HOW TO COMPLETE THIS TASK → Look through the entries for the string "notin" and copy every line where it shows up.

[[ INPUT, beginning ]]

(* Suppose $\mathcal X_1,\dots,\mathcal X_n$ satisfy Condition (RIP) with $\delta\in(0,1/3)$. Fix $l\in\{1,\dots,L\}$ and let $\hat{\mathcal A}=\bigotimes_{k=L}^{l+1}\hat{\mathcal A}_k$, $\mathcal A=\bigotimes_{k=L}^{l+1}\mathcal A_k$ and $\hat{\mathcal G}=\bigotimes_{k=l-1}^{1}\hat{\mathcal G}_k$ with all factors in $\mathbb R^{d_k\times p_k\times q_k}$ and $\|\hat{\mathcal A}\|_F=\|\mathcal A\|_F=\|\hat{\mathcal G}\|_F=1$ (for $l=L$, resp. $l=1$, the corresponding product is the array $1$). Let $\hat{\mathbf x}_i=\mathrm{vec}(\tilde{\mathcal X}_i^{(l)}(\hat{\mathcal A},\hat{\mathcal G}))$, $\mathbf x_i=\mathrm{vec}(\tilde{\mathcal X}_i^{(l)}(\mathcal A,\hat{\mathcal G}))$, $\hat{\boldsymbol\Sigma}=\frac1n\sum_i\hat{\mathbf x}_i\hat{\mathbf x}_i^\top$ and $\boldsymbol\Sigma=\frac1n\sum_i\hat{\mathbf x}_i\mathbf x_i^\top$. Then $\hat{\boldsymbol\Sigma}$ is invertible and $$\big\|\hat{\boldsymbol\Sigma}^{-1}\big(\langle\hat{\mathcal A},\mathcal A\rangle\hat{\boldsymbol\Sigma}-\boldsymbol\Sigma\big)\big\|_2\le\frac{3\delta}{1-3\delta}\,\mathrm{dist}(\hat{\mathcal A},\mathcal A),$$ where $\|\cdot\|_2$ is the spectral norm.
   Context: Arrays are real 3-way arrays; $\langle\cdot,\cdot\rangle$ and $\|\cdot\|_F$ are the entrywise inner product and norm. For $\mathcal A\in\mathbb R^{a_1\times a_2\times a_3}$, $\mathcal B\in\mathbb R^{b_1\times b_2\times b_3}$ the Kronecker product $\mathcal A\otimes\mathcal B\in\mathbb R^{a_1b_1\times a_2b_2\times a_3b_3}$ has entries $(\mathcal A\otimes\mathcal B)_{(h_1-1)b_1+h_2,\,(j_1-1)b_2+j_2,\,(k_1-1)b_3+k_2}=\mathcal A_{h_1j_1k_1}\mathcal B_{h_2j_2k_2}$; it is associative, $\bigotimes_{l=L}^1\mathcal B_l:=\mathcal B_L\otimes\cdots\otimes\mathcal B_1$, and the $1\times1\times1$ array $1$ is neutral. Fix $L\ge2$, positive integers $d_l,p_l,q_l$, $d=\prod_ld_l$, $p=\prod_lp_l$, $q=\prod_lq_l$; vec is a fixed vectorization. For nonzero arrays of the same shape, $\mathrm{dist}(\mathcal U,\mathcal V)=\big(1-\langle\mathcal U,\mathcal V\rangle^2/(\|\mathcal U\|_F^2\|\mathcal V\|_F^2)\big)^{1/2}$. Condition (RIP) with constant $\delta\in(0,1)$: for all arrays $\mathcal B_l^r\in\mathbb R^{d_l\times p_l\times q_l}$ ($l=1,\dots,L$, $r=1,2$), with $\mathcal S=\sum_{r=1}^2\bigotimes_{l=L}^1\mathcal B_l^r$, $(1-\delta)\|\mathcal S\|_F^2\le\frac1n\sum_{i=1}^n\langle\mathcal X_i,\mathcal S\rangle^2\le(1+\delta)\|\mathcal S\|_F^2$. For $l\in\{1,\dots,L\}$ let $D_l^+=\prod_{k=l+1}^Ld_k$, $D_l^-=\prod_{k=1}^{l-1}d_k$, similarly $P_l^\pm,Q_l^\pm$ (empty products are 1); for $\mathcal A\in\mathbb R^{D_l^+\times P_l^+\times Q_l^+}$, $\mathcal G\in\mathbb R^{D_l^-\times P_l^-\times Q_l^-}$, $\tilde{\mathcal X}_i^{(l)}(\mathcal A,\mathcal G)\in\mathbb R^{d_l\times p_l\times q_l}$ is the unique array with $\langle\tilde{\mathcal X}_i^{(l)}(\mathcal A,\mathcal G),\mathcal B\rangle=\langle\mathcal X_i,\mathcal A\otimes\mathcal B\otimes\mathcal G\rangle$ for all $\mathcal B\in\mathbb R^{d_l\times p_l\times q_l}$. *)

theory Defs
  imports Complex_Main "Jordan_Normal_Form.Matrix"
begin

[[ INPUT, end ]]
[[ INPUT, beginning ]]

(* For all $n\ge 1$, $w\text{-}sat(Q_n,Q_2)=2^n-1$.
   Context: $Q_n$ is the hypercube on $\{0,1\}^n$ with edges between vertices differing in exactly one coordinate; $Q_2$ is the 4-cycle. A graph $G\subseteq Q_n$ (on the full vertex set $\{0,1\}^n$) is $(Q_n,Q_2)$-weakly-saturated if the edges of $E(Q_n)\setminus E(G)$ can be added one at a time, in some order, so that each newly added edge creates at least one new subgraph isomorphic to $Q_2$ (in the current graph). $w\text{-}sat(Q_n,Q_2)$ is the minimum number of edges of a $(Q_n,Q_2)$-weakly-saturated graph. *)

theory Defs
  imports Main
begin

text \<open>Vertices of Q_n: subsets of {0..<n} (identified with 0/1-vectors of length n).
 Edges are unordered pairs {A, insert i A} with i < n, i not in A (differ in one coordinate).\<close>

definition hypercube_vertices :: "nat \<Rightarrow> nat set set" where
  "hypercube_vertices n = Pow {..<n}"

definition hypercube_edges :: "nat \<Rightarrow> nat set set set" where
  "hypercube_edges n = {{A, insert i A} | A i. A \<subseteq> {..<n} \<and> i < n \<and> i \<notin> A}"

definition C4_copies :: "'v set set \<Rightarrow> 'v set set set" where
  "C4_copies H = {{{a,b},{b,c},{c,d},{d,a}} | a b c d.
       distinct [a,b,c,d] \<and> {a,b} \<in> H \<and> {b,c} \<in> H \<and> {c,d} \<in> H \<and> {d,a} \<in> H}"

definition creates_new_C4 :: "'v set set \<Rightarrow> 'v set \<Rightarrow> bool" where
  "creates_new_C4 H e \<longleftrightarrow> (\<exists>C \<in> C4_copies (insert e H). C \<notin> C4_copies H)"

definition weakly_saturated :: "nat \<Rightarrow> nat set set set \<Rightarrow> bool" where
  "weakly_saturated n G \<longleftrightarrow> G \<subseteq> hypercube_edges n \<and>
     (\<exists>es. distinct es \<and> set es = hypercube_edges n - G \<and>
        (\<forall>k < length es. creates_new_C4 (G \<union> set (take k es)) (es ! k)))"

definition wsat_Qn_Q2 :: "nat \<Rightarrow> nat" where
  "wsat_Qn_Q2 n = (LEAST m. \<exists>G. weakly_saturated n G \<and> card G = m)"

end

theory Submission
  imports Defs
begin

[[ INPUT, end ]]

RESPONSE TO THIS EXERCISE →
  "hypercube_edges n = {{A, insert i A} | A i. A \<subseteq> {..<n} \<and> i < n \<and> i \<notin> A}"
  "creates_new_C4 H e \<longleftrightarrow> (\<exists>C \<in> C4_copies (insert e H). C \<notin> C4_copies H)"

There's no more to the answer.